Дни в Питере, на которые он рассчитывал как на дни беззаботного отдыха, текли вяло и по большей части бессмысленно. Он мечтал о великих стихах, точнее, совершенных, безусловных, неизменных, бессмертных, что замыкают мысль в некий строгий круг, которого никакой силе никогда не разорвать. Мысль, точно выраженная в совершенном стихе, уже существует в темной глубине языка. Извлечённая поэтом, она оживает. Когда поэт близок к открытию одного из таких вечных стихов, его предуведомляет божественный поток радости, неожиданно охватывающий все его существо. Но после той встречи с Еленой в Варшаве, он больше не чувствовал вдохновения.

На следующий день в зале особняка на Троицкой, когда Дибич просматривал утренние газеты, раздался звонок. Андрей Данилович скривился. Кого это чёрт принёс? Оказалось, чёрт принёс Павлушу Левашова, его бывшего сокурсника по университету.

— О, Андрэ, — с порога пробасил Павлуша, — не появись ты вчера у Шевандиных, я подумал бы, что ты ещё в Варшаве.

— Рад тебя видеть, Поль, — проинформировал Дибич Левашова и тут же, поняв по едва сдерживаемому Павлушей дыханию, что что-то случилось, спросил, — есть новости?

— Представь себе, — томно скосил вбок глаза Левашов, падая в кресло и кривя губы распутной улыбкой. — Помнишь Митеньку Вергольда?
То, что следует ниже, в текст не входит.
lemma HB_increment_bound:
  fixes \<beta> a x h N :: real and f :: "real \<Rightarrow> real" and D :: "nat \<Rightarrow> real \<Rightarrow> real"
  assumes \<beta>: "\<beta> > 0" and f: "in_HB \<beta> f D" and HB: "HB_norm \<beta> D = ereal N" and N: "N > 0"
    and m: "0 < min (f x) (1 - f x)" and a: "a \<ge> 0"
    and x: "x \<in> {0..1}" and y: "x + h \<in> {0..1}"
    and h: "\<bar>h\<bar> \<le> a * (min (f x) (1 - f x) / N) powr (1 / \<beta>)"
  shows "\<bar>f (x + h) - f x\<bar> \<le> min (f x) (1 - f x) * ((exp a - 1) + a powr \<beta> / fact (flr \<beta>))"
proof -
  define k where "k = flr \<beta>"
  define m where "m = min (f x) (1 - f x)"
  have D0: "\<And>t. t \<in> {0..1} \<Longrightarrow> D 0 t = f t"
    and der: "\<And>j t. j < k \<Longrightarrow> t \<in> {0..1} \<Longrightarrow>
        (D j has_real_derivative D (Suc j) t) (at t within {0..1})"
    using f by (auto simp: in_HB_def derivs_on_def k_def)
  have k: "real k < \<beta>" using real_flr_less[OF \<beta>] by (simp add: k_def)
  note m = m[folded m_def] and h = h[folded m_def]
  have remainder: "\<bar>D 0 (x + h) - (\<Sum>i\<le>k. h^i / fact i * D i x)\<bar> \<le> m * a powr \<beta> / fact k"
  proof -
    have "C_norm \<beta> D \<le> ereal N" using HB_norm_components_le(1) HB by metis
    then have hoelder: "\<bar>D k s - D k t\<bar> \<le> N * \<bar>s - t\<bar> powr (\<beta> - k)"
      if "s \<in> {0..1}" "t \<in> {0..1}" for s t
      using C_norm_hoelder_bound that by (simp add: k_def)
    have "\<bar>D 0 (x + h) - (\<Sum>i\<le>k. h^i / fact i * D i x)\<bar> \<le> N * \<bar>h\<bar> powr (k + (\<beta> - k)) / fact k"
      using taylor_hoelder_remainder_bound[OF der hoelder _ _ x y] N k by simp
    also have "\<dots> \<le> m * a powr \<beta> / fact k"
      using scaled_increment_powr_bound[OF \<beta> N m a h] by (simp add: divide_right_mono)
    finally show ?thesis .
  qed
  have H: "H_semi \<beta> D \<le> ereal N" "H_semi \<beta> (one_minus D) \<le> ereal N"
    using HB_norm_components_le(2,3) HB by metis+
  have polynomial: "\<bar>\<Sum>i\<in>{1..k}. h^i / fact i * D i x\<bar> \<le> m * (exp a - 1)"
  proof (rule taylor_polynomial_increment_bound)
    fix i assume "i \<in> {1..k}"
    then have "1 \<le> i" "real i < \<beta>" using k by auto
    from derivative_powr_bound[OF H this x]
    have "\<bar>D i x\<bar> powr \<beta> \<le> N powr i * m powr (\<beta> - i)"
      using D0[OF x] m by (simp add: m_def)
    then show "\<bar>D i x\<bar> * \<bar>h\<bar>^i \<le> m * a^i"
      using scaled_derivative_term_bound[OF \<beta> N m _ a _ h] by simp
  qed (use a m in auto)
  have "(\<Sum>i\<le>k. h^i / fact i * D i x) = f x + (\<Sum>i\<in>{1..k}. h^i / fact i * D i x)"
    using D0[OF x] by (simp add: atMost_atLeast0 sum.atLeast_Suc_atMost)
  then have "\<bar>f (x + h) - f x\<bar> \<le> m * a powr \<beta> / fact k + m * (exp a - 1)"
    using remainder polynomial D0[OF y] by linarith
  then show ?thesis by (simp add: m_def k_def algebra_simps)
qed

lemma HB_increment_le_half_min:
  fixes \<beta> a x h :: real and f :: "real \<Rightarrow> real" and D :: "nat \<Rightarrow> real \<Rightarrow> real"
  assumes \<beta>: "\<beta> > 0" and f: "in_HB \<beta> f D" and a: "a > 0"
    and a_small: "(exp a - 1) + a powr \<beta> / fact (flr \<beta>) \<le> 1/2"
    and x: "x \<in> {0..1}" and y: "x + h \<in> {0..1}"
    and h: "\<bar>h\<bar> \<le> a * (min (f x) (1 - f x) / real_of_ereal (HB_norm \<beta> D)) powr (1 / \<beta>)"
  shows "\<bar>f (x + h) - f x\<bar> \<le> 1/2 * min (f x) (1 - f x)"
proof -
  define N where "N = real_of_ereal (HB_norm \<beta> D)"
  define m where "m = min (f x) (1 - f x)"
  have HB: "HB_norm \<beta> D = ereal N" "0 \<le> N" using HB_norm_eq_ereal[OF f] by (simp_all add: N_def)
  have m: "0 \<le> m" using f x by (auto simp: m_def in_HB_def)
  show ?thesis
  proof (cases "m > 0 \<and> N > 0")
    case False
    \<comment> \<open>\<open>h = 0\<close>: also when \<open>N = 0\<close>, since then \<open>m / N = 0\<close> in HOL\<close>
    then have "m / N = 0" using m HB(2) by auto
    then have "h = 0" using h by (metis N_def m_def abs_le_zero_iff mult_zero_right powr_0)
    then show ?thesis using m by (simp add: m_def)
  next
    case True
    then have "\<bar>f (x + h) - f x\<bar> \<le> m * ((exp a - 1) + a powr \<beta> / fact (flr \<beta>))"
      using HB_increment_bound[OF \<beta> f HB(1) _ _ _ x y] a h by (simp add: m_def N_def)
    also have "\<dots> \<le> m * (1/2)"
      using a_small m by (intro mult_left_mono) auto
    finally show ?thesis by (simp add: m_def)
  qed
qed

theorem lemmaB4:
  fixes \<beta> a x h :: real and f :: "real \<Rightarrow> real" and D :: "nat \<Rightarrow> real \<Rightarrow> real"
  assumes "\<beta> > 0"
    and "in_HB \<beta> f D"
    and "a > 0"
    and "(exp a - 1) + a powr \<beta> / fact (flr \<beta>) \<le> 1/2"
    and "x \<in> {0..1}" and "x + h \<in> {0..1}"
    and "\<bar>h\<bar> \<le> a * (min (f x) (1 - f x) / real_of_ereal (HB_norm \<beta> D)) powr (1 / \<beta>)"
  shows "\<bar>f (x + h) - f x\<bar> = \<bar>(1 - f x) - (1 - f (x + h))\<bar>
    \<and> \<bar>f (x + h) - f x\<bar> \<le> (1/2) * min (f x) (1 - f x)
    \<and> (1/4) * f x * (1 - f x) \<le> f (x + h) * (1 - f (x + h))
    \<and> f (x + h) * (1 - f (x + h)) \<le> (9/4) * f x * (1 - f x)"
proof -
  have increment: "\<bar>f (x + h) - f x\<bar> \<le> 1/2 * min (f x) (1 - f x)"
    by (rule HB_increment_le_half_min[OF assms])
  have "0 \<le> f x" "f x \<le> 1" using assms(2,5) by (auto simp: in_HB_def)
  from mult_one_minus_bounds[OF this increment] increment show ?thesis by simp
qed

end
Химика?

— Помню, — разговаривая с Левашовым, Дибич старался не тратить лишних слов.

— Завтра похороны, — сообщил Павлуша и, судя по голосу, он отнюдь не был преисполнен скорби. — Представь, ставил какой-то дурацкий опыт — ну и взорвался. Причём, что взорвалось — непонятно! Ростоцкий, старая полицейская крыса, сказал, что что-то там нечисто, а Элен Климентьева, племянница Белецкого, от сестры Митькиной узнала, что лицо покойничка опалено до черноты, пытались отмыть — какое там! Да и нашли его, почитай, на третий день. Короче, отпевание в соборе на Преображенской завтра в одиннадцать. Похоронят на Волковом, за Лиговским. Придёшь?

— Не знаю, — Дибич достаточно убедительно изобразил скуку и равнодушие.
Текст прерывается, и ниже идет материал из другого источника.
definition extend_tableau :: "(nat \<Rightarrow> nat) \<Rightarrow> (nat \<Rightarrow> nat) \<Rightarrow> nat \<Rightarrow> (nat \<times> nat \<Rightarrow> nat) \<Rightarrow> (nat \<times> nat \<Rightarrow> nat)" where
  "extend_tableau la ka N T' c = (if c \<in> diagram ka then T' c else if c \<in> diagram la then N else 0)"

definition inner_strips :: "nat \<Rightarrow> (nat \<Rightarrow> nat) \<Rightarrow> nat \<Rightarrow> (nat \<Rightarrow> nat) set" where
  "inner_strips L la e = {ka. hstrip la ka \<and> psize L ka + e = psize L la}"

lemma downclosed_eq_lessThan:
  assumes "finite S" "\<forall>j\<in>S. \<forall>j'\<le>j. j' \<in> S"
  shows "S = {..<card S}"
proof (cases "S = {}")
  case True then show ?thesis by simp
next
  case False
  let ?M = "Max S"
  have "?M \<in> S" using Max_in[OF assms(1) False] .
  have "S = {..?M}"
  proof
    show "S \<subseteq> {..?M}" using Max_ge[OF assms(1)] by auto
    show "{..?M} \<subseteq> S" using assms(2) \<open>?M \<in> S\<close> by auto
  qed
  then show ?thesis by (metis card_atMost lessThan_Suc_atMost)
qed

lemma hstrip_le: "hstrip la ka \<Longrightarrow> ka i \<le> la i"
  by (simp add: hstrip_def)

lemma hstrip_partition_fun: "hstrip la ka \<Longrightarrow> vanishes_from L la \<Longrightarrow> partition_fun L ka"
  unfolding partition_fun_def hstrip_def by (meson vanishes_from_le le_trans)

lemma finite_inner_strips: "vanishes_from L la \<Longrightarrow> finite (inner_strips L la e)"
  by (rule finite_subset[OF _ finite_pointwise_le[of L la]]) (auto simp: inner_strips_def hstrip_def)

lemma card_diagram_diff:
  assumes "vanishes_from L la" "\<forall>i. ka i \<le> la i"
  shows "card (diagram la - diagram ka) = psize L la - psize L ka"
proof -
  have b: "vanishes_from L ka" using vanishes_from_le assms by blast
  have "card (diagram la - diagram ka) = card (diagram la) - card (diagram ka)"
    using card_Diff_subset[OF finite_diagram[OF b] diagram_mono[OF assms(2)]] .
  then show ?thesis using card_diagram assms b by simp
qed

context
  fixes L N :: nat and la a :: "nat \<Rightarrow> nat"
  assumes pla: "partition_fun L la"
begin

lemma extend_tableau_in_tableaux:
  assumes strip: "hstrip la ka" and T: "T \<in> tableaux N ka"
  shows "extend_tableau la ka N T \<in> tableaux (Suc N) la"
proof -
  let ?E = "extend_tableau la ka N T"
  have sub: "diagram ka \<subseteq> diagram la" using strip by (intro diagram_mono) (simp add: hstrip_def)
  have T_less: "\<forall>c\<in>diagram ka. T c < N" using T by (simp add: tableaux_def)
  show ?thesis unfolding tableaux_def
  proof (intro CollectI conjI allI ballI impI)
    fix c assume "c \<in> diagram la"
    then show "?E c < Suc N" using T_less by (auto simp: extend_tableau_def less_Suc_eq)
  next
    fix c assume "c \<notin> diagram la"
    then show "?E c = 0" using sub by (auto simp: extend_tableau_def)
  next
    fix i j assume c: "(i, Suc j) \<in> diagram la"
    show "?E (i, j) \<le> ?E (i, Suc j)"
    proof (cases "(i, Suc j) \<in> diagram ka")
      case True
      then have "(i, j) \<in> diagram ka" by (auto simp: diagram_def)
      then show ?thesis using True T by (simp add: extend_tableau_def tableaux_def)
    next
      case False
      have "(i, j) \<in> diagram la" using c by (auto simp: diagram_def)
      then have "?E (i, j) \<le> N" using T_less by (auto simp: extend_tableau_def less_imp_le)
      then show ?thesis using False c by (simp add: extend_tableau_def)
    qed
  next
    fix i j assume c: "(Suc i, j) \<in> diagram la"
    have "(i, j) \<in> diagram ka"
      using c strip by (auto simp: diagram_def hstrip_def intro: less_le_trans)
    then show "?E (i, j) < ?E (Suc i, j)"
      using c T T_less by (cases "(Suc i, j) \<in> diagram ka") (simp_all add: extend_tableau_def tableaux_def)
  qed
qed

lemma content_extend_tableau:
  assumes ka: "ka \<in> inner_strips L la (a N)" and T: "T \<in> tableaux N ka" "\<forall>v<N. content ka T v = a v"
    and v: "v < Suc N"
  shows "content la (extend_tableau la ka N T) v = a v"
proof -
  have le: "\<forall>i. ka i \<le> la i" using ka by (simp add: inner_strips_def hstrip_def)
  have sub: "diagram ka \<subseteq> diagram la" using diagram_mono[OF le] .
  have T_less: "\<forall>c\<in>diagram ka. T c < N" using T(1) by (simp add: tableaux_def)
  show ?thesis
  proof (cases "v < N")
    case True
    have "{c\<in>diagram la. extend_tableau la ka N T c = v} = {c\<in>diagram ka. T c = v}"
      using sub True by (auto simp: extend_tableau_def)
    then show ?thesis using T(2) True by (simp add: content_def)
  next
    case False
    then have "{c\<in>diagram la. extend_tableau la ka N T c = v} = diagram la - diagram ka"
      using sub T_less v by (auto simp: extend_tableau_def)
    then have "content la (extend_tableau la ka N T) v = psize L la - psize L ka"
      using card_diagram_diff[OF _ le] pla by (simp add: content_def partition_fun_def)
    then show ?thesis using ka False v by (auto simp: inner_strips_def less_Suc_eq)
  qed
qed

definition lower_shape :: "(nat \<times> nat \<Rightarrow> nat) \<Rightarrow> nat \<Rightarrow> nat" where
  "lower_shape T i = card {j. j < la i \<and> T (i, j) < N}"

definition lower_tableau :: "(nat \<times> nat \<Rightarrow> nat) \<Rightarrow> (nat \<times> nat \<Rightarrow> nat)" where
  "lower_tableau T c = (if c \<in> diagram (lower_shape T) then T c else 0)"

lemma diagram_lower_shape:
  assumes T: "T \<in> tableaux (Suc N) la"
  shows "diagram (lower_shape T) = {c\<in>diagram la. T c < N}"
proof -
  have "{j. j < la i \<and> T (i, j) < N} = {..<lower_shape T i}" for i
    unfolding lower_shape_def
  proof (rule downclosed_eq_lessThan)
    show "finite {j. j < la i \<and> T (i, j) < N}" by simp
    show "\<forall>j\<in>{j. j < la i \<and> T (i, j) < N}. \<forall>j'\<le>j. j' \<in> {j. j < la i \<and> T (i, j) < N}"
    proof (intro ballI allI impI)
      fix j j' assume j: "j \<in> {j. j < la i \<and> T (i, j) < N}" and "j' \<le> j"
      then have "T (i, j') \<le> T (i, j)" using tableau_row_mono[OF T, of i j j'] by (simp add: diagram_def)
      then show "j' \<in> {j. j < la i \<and> T (i, j) < N}" using j \<open>j' \<le> j\<close> by auto
    qed
  qed
  then show ?thesis by (auto simp: diagram_def set_eq_iff)
qed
— Ну, смотри, дело, конечно, твоё. Я-то вынужден, в родстве мы с ним, — и Павлуша, торопясь обежать знакомых с интересной новостью, исчез.

Имя Елены, как с неудовольствием убедился Дибич, снова взволновало его. Он, подумав, решил пойти на отпевание, благо, делать всё равно было нечего, и тут же отдал распоряжение Викентию приготовить на завтра уместные для похорон тёмный сюртук и шляпу.
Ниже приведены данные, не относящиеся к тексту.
(* Consider the Rayleigh fading channel $y=hx+v$, $v\sim\mathcal{CN}(0,1)$, perfect CSI at transmitter and receiver, $|h|^2$ exponential with unit mean. Let $\mathcal{A}(\mathrm{SNR})$ be a variable PAPR with $\mathcal{A}(\mathrm{SNR})\to\infty$ and $\mathcal{A}(\mathrm{SNR})\,\mathrm{SNR}\to0$ as $\mathrm{SNR}\to0$, and such that the peak constraint is effective ($\mathcal{A}(\mathrm{SNR})\,\mathrm{SNR}<1/\lambda_0$, where $\mathrm{SNR}=\mathbf{E}[[1/\lambda_0-1/|h|^2]^+]$). Let $\lambda$ be determined by $\mathrm{SNR}=\mathbf{E}[\min\{[1/\lambda-1/|h|^2]^+,\mathcal{A}(\mathrm{SNR})\,\mathrm{SNR}\}]$ with $\lambda\mathcal{A}(\mathrm{SNR})\mathrm{SNR}<1$, define $$l(\mathrm{SNR})=\frac{1}{\frac1\lambda-\mathcal{A}(\mathrm{SNR})\,\mathrm{SNR}}-\lambda,$$ and suppose $l_0=\lim_{\mathrm{SNR}\to0}l(\mathrm{SNR})$ exists in $[0,\infty]$. Let $C(\mathrm{SNR})$ be the capacity under average power constraint $\mathrm{SNR}$ and peak power constraint $\mathcal{A}(\mathrm{SNR})\,\mathrm{SNR}$. Then, as $\mathrm{SNR}\to0$, $$C(\mathrm{SNR})\approx\begin{cases}\mathrm{SNR}\log\frac{1}{\mathrm{SNR}}, & l_0>0,\\ \mathrm{SNR}\log\mathcal{A}(\mathrm{SNR}), & l_0=0,\end{cases}$$ where $f\approx g$ means $\lim_{\mathrm{SNR}\to0}f(\mathrm{SNR})/g(\mathrm{SNR})=1$.
   Context: $[u]^+=\max\{0,u\}$; logarithms are natural. $C(\mathrm{SNR})=\sup\mathbf{E}[\log(1+P(h)|h|^2)]$ over measurable $P(h)\ge0$ with $\mathbf{E}[P(h)]\le\mathrm{SNR}$ and $\max_hP(h)\le\mathcal{A}(\mathrm{SNR})\,\mathrm{SNR}$; it equals $\int_\lambda^\infty\min\{\log(t/\lambda),\log(1+\mathcal{A}(\mathrm{SNR})\mathrm{SNR}\,t)\}e^{-t}dt$. *)

theory Defs
  imports "HOL-Probability.Probability"
begin

text \<open>Distribution of the channel power gain t = |h|^2: exponential with unit mean.\<close>
definition gainM :: "real measure" where
  "gainM = density lborel (exponential_density 1)"

definition Eg :: "(real \<Rightarrow> real) \<Rightarrow> real" where
  "Eg f = integral\<^sup>L gainM f"

text \<open>Capacity with average power constraint snr and peak power constraint peak:
  sup of E[log(1 + P |h|^2)] over measurable power allocations P \<ge> 0 (as a function of |h|^2)
  with E[P] \<le> snr and P \<le> peak.\<close>
definition capacity :: "real \<Rightarrow> real \<Rightarrow> real" where
  "capacity snr peak = Sup {Eg (\<lambda>t. ln (1 + P t * t)) | P.
      P \<in> borel_measurable borel \<and> (\<forall>t. 0 \<le> P t \<and> P t \<le> peak) \<and>
      integrable gainM P \<and> Eg P \<le> snr}"

end

theory Submission
  imports Defs "HOL-Real_Asymp.Real_Asymp"
begin
lemma generic_sols_eq_reduced_roots:
  assumes "a \<notin> F4" and "b * (a + g) = 1"
  shows "sols a b - exceptional a = {y. reduced_poly a y = 0}"
proof -
  have "a \<noteq> 0" "a + g \<noteq> 0"
    using assms(1) by (auto simp: add_eq_0_iff_eq)
  have "(a + g) * generic_poly a b y = (b * (a + g)) * (y ^ 2 + a * y) + (a + g) * ((1 + g) * y + a * g)" for y
    by (simp add: generic_poly_def algebra_simps power2_eq_square)
  then have "(a + g) * generic_poly a b y = reduced_poly a y" for y
    unfolding assms(2) by (simp add: reduced_poly_def power2_eq_square F4_simps)
  then have "generic_poly a b y = 0 \<longleftrightarrow> reduced_poly a y = 0" for y
    using \<open>a + g \<noteq> 0\<close> by (metis mult_eq_0_iff)
  then show ?thesis
    using sols_generic_iff[OF \<open>a \<noteq> 0\<close>] reduced_poly_exceptional[OF assms(1)] by blast
qed

lemma reduced_poly_F16:
  assumes "a ^ 2 = g * a + 1"
  shows "reduced_poly a ((g * a + 1) * w) = (a + g) * (w ^ 2 + w + a * g)"
  by (simp add: reduced_poly_def power2_eq_square F4_simps F16_rules[OF assms])

lemma F16_exceptional_sols:
  assumes "a ^ 2 = g * a + 1"
  shows "{0, g, a + 1} \<subseteq> sols a a"
  using exceptional_sols_iff[OF F16_not_F4[OF assms], of a]
  by (simp add: power2_eq_square F4_simps F16_rules[OF assms])

lemma card_sols_F4:
  assumes "a \<in> F4"
  shows "card (sols a b) \<le> 3"
proof (cases "a = 0")
  case False
  then show ?thesis
    using assms card_sols_eq[of a b] card_exceptional_sols_F4[of a b] card_generic_sols[of a b]
    by simp
qed (use card_sols_0[of b] in simp)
Самого Дмитрия Вергольда Дибич помнил, в студенческие времена тот часто что-то горланил на сходках. Но Дибич не любил сходки стадной и нетерпимой студенческой толпы. Студенты-радикалы жили в замкнутом мирке мелких интриг, и полагали всех мыслящих иначе тупицами и подлецами.

Сам Дибич всегда без слов открывал портмоне, когда товарищи собирали деньги на какие-то «вспомоществования», но в остальном предпочитал держаться в стороне и не вступать в споры, тем более что о большинстве спорных предметов имел весьма смутное представление, ибо так и не смог прочитать переводных немцев с их «политэкономией», засыпая уже на второй странице. Окончив университет, он вздохнул с облегчением и быстро забыл студенческую пору.

Вергольд, однако, не забывал его, и временами Дибич, возвращаясь с отцом из Варшавы или Страсбурга, Парижа или Рима, находил в почте насколько писем — как всегда, с просьбой о пожертвованиях. Теперь Дибич с омерзением выбрасывал их, ничего не посылая. Принесённое Павлушей Левашовым известие о смерти их бывшего товарища нисколько не задело Андрея Даниловича. Сообщённые странные подробности тоже не показались интересными. Единственно, что взволновало его — будет ли на отпевании Елена?

И, надеясь на это, одевался на следующий день, что скрывать, с особой тщательностью.

Вышел загодя, ибо хотел прогуляться. Пытаясь унять волнение, он немного прошёлся по набережной Фонтанки, свернул на Пантелеймоновскую и вскоре вышел к собору. Служба уже закончилась. Издали были видны у ограды храма несколько карет, катафалк и довольно значительная толпа.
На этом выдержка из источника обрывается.